* _TRY IT_
Search the records below for the word "that" and show every line where it occurs.

* _EXTRACTED MATERIAL_
lemma stair_point_eq_comb:
  assumes \<rho>1: "bij_betw \<rho>1 {0..d1} {0..d1}" and \<rho>2: "bij_betw \<rho>2 {0..d2} {0..d2}"
    and B1: "block_ok d1 p1 \<eta>1 x1 z1 \<delta>1" and B2: "block_ok d2 p2 \<eta>2 x2 z2 \<delta>2"
  obtains \<pi> w s1 s2 where "\<pi> \<in> staircases d1 d2" "\<forall>t\<le>d1 + d2. 0 \<le> w t" "(\<Sum>t\<le>d1 + d2. w t) = 1"
    and "\<forall>t\<le>d1 + d2. s1 t \<le> d1 \<and> s2 t \<le> d2"
    and "(x1, x2, z1, z2, stair_value \<rho>1 \<rho>2 \<pi> z1 z2, \<delta>1, \<delta>2)
      = (\<Sum>t\<le>d1 + d2. w t *\<^sub>R vertex_point (s1 t) (s2 t))"
    and "\<forall>k\<le>d1. Tmap d1 z1 k = (\<Sum>t\<le>d1 + d2. w t * of_bool (s1 t = k))"
    and "\<forall>k\<le>d2. Tmap d2 z2 k = (\<Sum>t\<le>d1 + d2. w t * of_bool (s2 t = k))"
proof -
  have "Linv d1 \<rho>1 z1 \<in> Delta d1" "Linv d2 \<rho>2 z2 \<in> Delta d2"
    using B1 B2 Linv_in_Delta \<rho>1 \<rho>2 by (simp_all add: block_ok_def)
  then obtain \<pi> w where \<pi>: "\<pi> \<in> staircases d1 d2"
    and w: "\<forall>t\<le>d1 + d2. 0 \<le> w t" "(\<Sum>t\<le>d1 + d2. w t) = 1"
    and expr: "\<And>\<psi>. stair_expr \<psi> \<pi> (Linv d1 \<rho>1 z1) (Linv d2 \<rho>2 z2) = (\<Sum>t\<le>d1 + d2. w t * \<psi> (jvec \<pi> t))"
    and a: "\<forall>j\<in>{1..d1}. Linv d1 \<rho>1 z1 j = (\<Sum>t\<le>d1 + d2. w t * of_bool (j \<le> fst (jvec \<pi> t)))"
    and b: "\<forall>j\<in>{1..d2}. Linv d2 \<rho>2 z2 j = (\<Sum>t\<le>d1 + d2. w t * of_bool (j \<le> snd (jvec \<pi> t)))"
    using staircase_decomposition by blast
  define s1 where "s1 t = \<rho>1 (fst (jvec \<pi> t))" for t
  define s2 where "s2 t = \<rho>2 (snd (jvec \<pi> t))" for t
  have g1: "\<forall>t\<in>{..d1 + d2}. fst (jvec \<pi> t) \<le> d1" and g2: "\<forall>t\<in>{..d1 + d2}. snd (jvec \<pi> t) \<le> d2"
    using jvec_staircase_bounded[OF \<pi>] by auto
  have lam1: "\<forall>k\<le>d1. Tmap d1 z1 k = (\<Sum>t\<le>d1 + d2. w t * of_bool (s1 t = k))"
    using Tmap_Linv_threshold_comb[OF \<rho>1 _ w(2) g1 a] by (simp add: s1_def)
  have lam2: "\<forall>k\<le>d2. Tmap d2 z2 k = (\<Sum>t\<le>d1 + d2. w t * of_bool (s2 t = k))"
    using Tmap_Linv_threshold_comb[OF \<rho>2 _ w(2) g2 b] by (simp add: s2_def)
  have s: "\<forall>t\<le>d1 + d2. s1 t \<le> d1 \<and> s2 t \<le> d2"
    using g1 g2 bij_betw_apply[OF \<rho>1] bij_betw_apply[OF \<rho>2] by (auto simp: s1_def s2_def)
  note R1 = block_ok_eq_comb[OF B1 _ w(2) _ lam1] and R2 = block_ok_eq_comb[OF B2 _ w(2) _ lam2]
  have "stair_value \<rho>1 \<rho>2 \<pi> z1 z2 = (\<Sum>t\<le>d1 + d2. w t * (f1 (p1 (s1 t)) * f2 (p2 (s2 t))))"
    by (simp add: expr psi_def s1_def s2_def)
  then have "(x1, x2, z1, z2, stair_value \<rho>1 \<rho>2 \<pi> z1 z2, \<delta>1, \<delta>2)
      = (\<Sum>t\<le>d1 + d2. w t *\<^sub>R vertex_point (s1 t) (s2 t))"
    using R1 R2 s by (simp add: vertex_point_def prod_eq_iff fst_sum snd_sum)
  with that \<pi> w s lam1 lam2 show ?thesis
    by blast
qed

lemma stair_point_in_hull:
  assumes "bij_betw \<rho>1 {0..d1} {0..d1}" "bij_betw \<rho>2 {0..d2} {0..d2}"
    and "block_ok d1 p1 \<eta>1 x1 z1 \<delta>1" "block_ok d2 p2 \<eta>2 x2 z2 \<delta>2"
  obtains \<pi> where "\<pi> \<in> staircases d1 d2"
    and "(x1, x2, z1, z2, stair_value \<rho>1 \<rho>2 \<pi> z1 z2, \<delta>1, \<delta>2) \<in> convex hull vertex_points"
proof -
  obtain \<pi> w s1 s2 where \<pi>: "\<pi> \<in> staircases d1 d2"
    and w: "\<forall>t\<le>d1 + d2. 0 \<le> w t" "(\<Sum>t\<le>d1 + d2. w t) = 1" and s: "\<forall>t\<le>d1 + d2. s1 t \<le> d1 \<and> s2 t \<le> d2"
    and eq: "(x1, x2, z1, z2, stair_value \<rho>1 \<rho>2 \<pi> z1 z2, \<delta>1, \<delta>2)
      = (\<Sum>t\<le>d1 + d2. w t *\<^sub>R vertex_point (s1 t) (s2 t))"
    by (rule stair_point_eq_comb[OF assms])
  have "(\<Sum>t\<le>d1 + d2. w t *\<^sub>R vertex_point (s1 t) (s2 t)) \<in> convex hull vertex_points"
    using w s by (intro convex_sum convex_convex_hull hull_inc) (auto simp: vertex_points_def)
  with \<pi> eq that show ?thesis
    by simp
qed

lemma relaxation_subset_hull: "Q \<subseteq> convex hull vertex_points"
proof
  fix v assume "v \<in> Q"
  then obtain x1 x2 z1 z2 \<mu> \<delta>1 \<delta>2 where v: "v = (x1, x2, z1, z2, \<mu>, \<delta>1, \<delta>2)"
    and B1: "block_ok d1 p1 \<eta>1 x1 z1 \<delta>1" and B2: "block_ok d2 p2 \<eta>2 x2 z2 \<delta>2"
    and bounds: "\<forall>\<pi>\<in>staircases d1 d2.
      \<mu> \<le> stair_value \<sigma>1 \<sigma>2 \<pi> z1 z2 \<and> stair_value \<tau>1 \<tau>2 \<pi> z1 z2 \<le> \<mu>"
    by (auto simp: relaxation_def)
  obtain \<pi>h where "\<pi>h \<in> staircases d1 d2" and hi:
      "(x1, x2, z1, z2, stair_value \<sigma>1 \<sigma>2 \<pi>h z1 z2, \<delta>1, \<delta>2) \<in> convex hull vertex_points"
    using stair_point_in_hull[OF \<sigma>1 \<sigma>2 B1 B2] .
  moreover obtain \<pi>l where "\<pi>l \<in> staircases d1 d2" and lo:
      "(x1, x2, z1, z2, stair_value \<tau>1 \<tau>2 \<pi>l z1 z2, \<delta>1, \<delta>2) \<in> convex hull vertex_points"
    using stair_point_in_hull[OF \<tau>1 \<tau>2 B1 B2] .
  ultimately show "v \<in> convex hull vertex_points"
    unfolding v using bounds by (intro convex_mu_between[OF convex_convex_hull lo hi]) auto
qed

lemma relaxation_eq_hull: "Q = convex hull vertex_points"
proof
  show "convex hull vertex_points \<subseteq> Q"
    using vertex_point_in_relaxation convex_relaxation
    by (intro hull_minimal) (auto simp: vertex_points_def)
qed (rule relaxation_subset_hull)

lemma binary_ok_if_vertex_of: "vertex_of v Q \<Longrightarrow> binary_ok d1 d2 v"
  using extreme_point_of_convex_hull[of v vertex_points] vertex_of_imp_extreme_point[of v Q]
  by (auto simp: relaxation_eq_hull vertex_points_def binary_ok_vertex_point)

lemma stair_point_at_vertex:
  assumes \<rho>1: "bij_betw \<rho>1 {0..d1} {0..d1}" and \<rho>2: "bij_betw \<rho>2 {0..d2} {0..d2}"
    and B1: "block_ok d1 p1 \<eta>1 x1 z1 \<delta>1" and B2: "block_ok d2 p2 \<eta>2 x2 z2 \<delta>2"
    and t1: "\<forall>k\<le>d1. Tmap d1 z1 k = of_bool (k = t1)" and t2: "\<forall>k\<le>d2. Tmap d2 z2 k = of_bool (k = t2)"
    and "t1 \<le> d1" "t2 \<le> d2"
  obtains \<pi> where "\<pi> \<in> staircases d1 d2"
    and "(x1, x2, z1, z2, stair_value \<rho>1 \<rho>2 \<pi> z1 z2, \<delta>1, \<delta>2) = vertex_point t1 t2"
proof -
  obtain \<pi> w s1 s2 where \<pi>: "\<pi> \<in> staircases d1 d2" and w: "\<forall>t\<le>d1 + d2. 0 \<le> w t" "(\<Sum>t\<le>d1 + d2. w t) = 1"
    and eq: "(x1, x2, z1, z2, stair_value \<rho>1 \<rho>2 \<pi> z1 z2, \<delta>1, \<delta>2)
      = (\<Sum>t\<le>d1 + d2. w t *\<^sub>R vertex_point (s1 t) (s2 t))"
    and lam1: "\<forall>k\<le>d1. Tmap d1 z1 k = (\<Sum>t\<le>d1 + d2. w t * of_bool (s1 t = k))"
    and lam2: "\<forall>k\<le>d2. Tmap d2 z2 k = (\<Sum>t\<le>d1 + d2. w t * of_bool (s2 t = k))"
    by (rule stair_point_eq_comb[OF \<rho>1 \<rho>2 B1 B2])
  have c1: "(\<Sum>t\<le>d1 + d2. w t * of_bool (s1 t = t1)) = sum w {..d1 + d2}"
    using lam1[rule_format, OF \<open>t1 \<le> d1\<close>] t1[rule_format, OF \<open>t1 \<le> d1\<close>] w(2) by simp
  have c2: "(\<Sum>t\<le>d1 + d2. w t * of_bool (s2 t = t2)) = sum w {..d1 + d2}"
    using lam2[rule_format, OF \<open>t2 \<le> d2\<close>] t2[rule_format, OF \<open>t2 \<le> d2\<close>] w(2) by simp
  have "s1 t = t1" "s2 t = t2" if "t \<le> d1 + d2" "w t \<noteq> 0" for t
    using weights_concentrated[OF finite_atMost _ c1, of t] weights_concentrated[OF finite_atMost _ c2, of t]
      w(1) that by simp_all
  then have "(\<Sum>t\<le>d1 + d2. w t *\<^sub>R vertex_point (s1 t) (s2 t)) = (\<Sum>t\<le>d1 + d2. w t *\<^sub>R vertex_point t1 t2)"
    by (intro sum.cong) auto
  also have "\<dots> = vertex_point t1 t2"
    using w(2) by (simp flip: scaleR_sum_left)
  finally show ?thesis
    using that \<pi> eq by simp
qed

* _THE COMPLETED TASK_
  with that \<pi> w s lam1 lam2 show ?thesis
  with \<pi> eq that show ?thesis
      w(1) that by simp_all
    using that \<pi> eq by simp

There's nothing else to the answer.